Liebe Leserinnen und Leser,
neulich war ich in Gedanken wieder vor Anker an der französischen Atlantikküste, wo ich diesen Sommer wegen Flaute nicht vom Fleck kam. Einen Törn in der Bretagne hatte ich mir anders vorgestellt. Statt Ölzeug kam der Bikini zum Einsatz. Zugegeben, es gibt schlechtere Orte, um festzusitzen. Aber eigentlich wollten wir ja segeln. Und trotzdem machte der fehlende Wind niemandem aus der Crew etwas aus. Es ist schon erstaunlich, wie viel besser ich Stillstand in solchen Momenten aushalte als im Alltag. Solange man Urlaub hat, und keinen Termin, den es wahrzunehmen gilt, ist es natürlich leicht, sich darüber zu echauffieren, wie sehr wir alle durchs Leben hetzen. Aber meist geht es doch darum, schnell von A nach B zu kommen.
Umso erstaunlicher, dass es seit kurzem wieder eine segelnde Fähre zwischen dem europäischen Festland und der britischen Insel gibt. Ein junges motiviertes Team hat es sich zur Mission gemacht, eine nachhaltige Alternative zum großen Fährverkehr zwischen England und Frankreich anzubieten: Mit einem 17-Meter-Katamaran. Das Angebot richtet sich an Menschen, denen es eben nicht darum geht, möglichst schnell ihr Ziel zu erreichen, sondern darum, auf dem Weg etwas zu erleben. Und ganz nebenbei die Umwelt zu schonen.

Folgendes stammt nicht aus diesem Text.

theorem theorem2p3:
  fixes G :: "('g, 'b) monoid_scheme" and T :: "'g topology" and len :: "'g \<Rightarrow> real"
    and sc :: "complex \<Rightarrow> 'h::banach \<Rightarrow> 'h" and ip :: "'h \<Rightarrow> 'h \<Rightarrow> complex"
    and U :: "'g \<Rightarrow> 'h \<Rightarrow> 'h" and x :: "'j \<Rightarrow> 'g" and F :: "'j filter"
    and DA :: "'h set" and A :: "'h \<Rightarrow> 'h" and D :: "'h \<Rightarrow> 'h"
  assumes "topological_group G T"
    and "proper_length G T len"
    and "complex_hilbert sc ip"
    and "unitary_rep G T sc ip U"
    and "F \<noteq> bot" and "\<forall>j. x j \<in> carrier G"
    and "diverges_to_infinity T x F"
    and "self_adjoint sc ip DA A"
    and "\<forall>j. in_C1 sc ip DA A (U (x j))"
    and "\<forall>\<psi>. ((\<lambda>j. (1 / len (x j)) *\<^sub>R
                 commutator sc ip DA A (U (x j)) (inv_into UNIV (U (x j)) \<psi>)) \<longlongrightarrow> D \<psi>) F"
  shows "(\<forall>\<phi>\<in>kernel_perp ip D. \<forall>\<psi>. ((\<lambda>j. ip \<phi> (U (x j) \<psi>)) \<longlongrightarrow> 0) F)
     \<and> \<not> (\<exists>B. finite B \<and> cspan sc B \<subseteq> kernel_perp ip D \<and> cspan sc B \<noteq> {0}
             \<and> (\<forall>y\<in>carrier G. U y ` cspan sc B \<subseteq> cspan sc B))"
proof -
  interpret hilbert_space sc ip by (rule hilbert_space.intro) (rule assms(3))
  define V where "V j = U (x j)" for j
  have unitary: "unitary_op sc ip (V j)" for j
    using assms(4,6) by (simp add: unitary_rep_def V_def)
  have C1: "in_C1 sc ip DA A (V j)" for j using assms(9) by (simp add: V_def)
  have lim: "((\<lambda>j. (1 / len (x j)) *\<^sub>R commutator sc ip DA A (V j) (inv_into UNIV (V j) \<psi>)) \<longlongrightarrow> D \<psi>) F"
    for \<psi> using assms(10) by (simp add: V_def)
  have herm: "hermitian D"
    by (rule hermitian_tendsto[OF assms(5) lim])
      (rule hermitian_scaleR[OF hermitian_commutator_mult_inverse[OF assms(8) C1 unitary]])
  have inverse_len: "((\<lambda>j. 1 / len (x j)) \<longlongrightarrow> 0) F"
    using tendsto_inverse_0_at_top[OF proper_length_tendsto_at_top[OF assms(1,2,6,7)]]
    by (simp add: inverse_eq_divide)
  have decay: "kernel_perp ip D \<subseteq> vanishing_coefficients F V"
  proof (rule kernel_perp_subset_closed_csubspace[OF herm self_adjointD(2)[OF assms(8)]
        csubspace_vanishing_coefficients])
    show "closed (vanishing_coefficients F V)"
      by (rule closed_vanishing_coefficients) (simp add: unitary_opD(3)[OF unitary])
    show "D a \<in> vanishing_coefficients F V" if "a \<in> DA" for a
      by (rule commutator_range_vanishing_coefficients[OF assms(8) C1 unitary inverse_len lim that])
  qed
  moreover have "cspan sc B = {0}"
    if "finite B" "cspan sc B \<subseteq> kernel_perp ip D" "\<forall>y\<in>carrier G. U y ` cspan sc B \<subseteq> cspan sc B" for B
    using that decay invariant_finite_span_trivial[OF assms(5), of B V] csubspace_cspan[of B]
      unitary_opD(3)[OF unitary] assms(6)
    by (auto simp: V_def csubspace_def)
  ultimately show ?thesis unfolding vanishing_coefficients_def V_def by blast
qed

end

Eine schöne Idee. Aber erfolgversprechend? Momentan ist nur ein einziges Boot im Einsatz, mit dem gerade einmal zwölf Personen plus Fahrräder transportiert werden können. Das besondere Erlebnis dauert je nach Tide und natürlich Wind etwa vier Stunden. Also mehr als doppelt so lang wie mit der konventionellen Fähre. Als echten Pendelverkehr kann man den Service bei ein paar Angeboten pro Woche (noch) kaum bezeichnen. Ganz zu schweigen von der Verlässlichkeit und Planbarkeit, denn was, wenn kein Wind weht? Auf der Habenseite aber: Keine drängelnden Passagiere, kein dröhnender Motor – nur Wind, Wellen und Zeit. Aber letztere muss man eben auch haben.
Massentauglich ist die Idee sicher nicht. Selbst wenn das Unternehmen seine Flotte ausbauen kann, bleibt es ein Angebot für wenige. Der Port of Dover ist einer der verkehrsreichsten Passagierhäfen der Welt. Rund 32.000 Passagiere pro Tag fahren hier täglich über den Ärmelkanal. Den Eurotunnel – ein Paradebeispiel dafür, wie viel Geld und Aufwand investiert wird, um Reisezeiten zu verkürzen - passieren fast 50.000 Menschen täglich.
Aber bei Konzepten wie der Segelfähre geht es nicht darum, Verkehrsreisen im großen Stil zu revolutionieren. Es geht darum, eine wachsende gesellschaftliche Sehnsucht nach Entschleunigung zu bedienen. Slow Travel ist ein Trend. Vor allem Millennials und die Generation Z suchen nach nachhaltigen Alternativen und legen mehr Wert auf Erlebnis als auf Effizienz. Denn die Schnelligkeit hat ihren Preis: flüchtige Eindrücke, verpasste Details, Erinnerungen, die schnell verblassen – vor allem, wenn man sie durch einen Smartphonefilter betrachtet. Aber das ist ein anderes Thema.
Die Frage ist: Hat das Segeln als Verkehrsreise eine Chance auf ein Comeback? Die Vorstellung, dass wieder Großsegler auf den Ozeanen kreuzen, um Menschen zu transportieren, klingt utopisch. Aber wer weiß? Vor dem Hintergrund des Klimawandels und wachsender Kraftstoffpreise wird in der Frachtschifffahrt auch wieder auf Windkraft gesetzt. Was den Reiseverkehr angeht, ist eine Ozeanüberquerung unter Segeln für die Allermeisten wahrscheinlich keine Option. Doch für kürzere Strecken kann ich mir gut vorstellen, dass es genügend Menschen gibt, die sich die Zeit nehmen, ihre Reise bewusster zu erleben.
Dem jungen Team der segelnden Fähre auf dem Ärmelkanal würde ich es jedenfalls sehr wünschen. Das, und mehr Wind, als wir ihn im Sommer ein paar hundert Seemeilen weiter südlich hatten. Denn bei Flaute vor Anker liegen wäre bei aller Liebe zur Langsamkeit für eine Fähre dann wohl doch keine Option.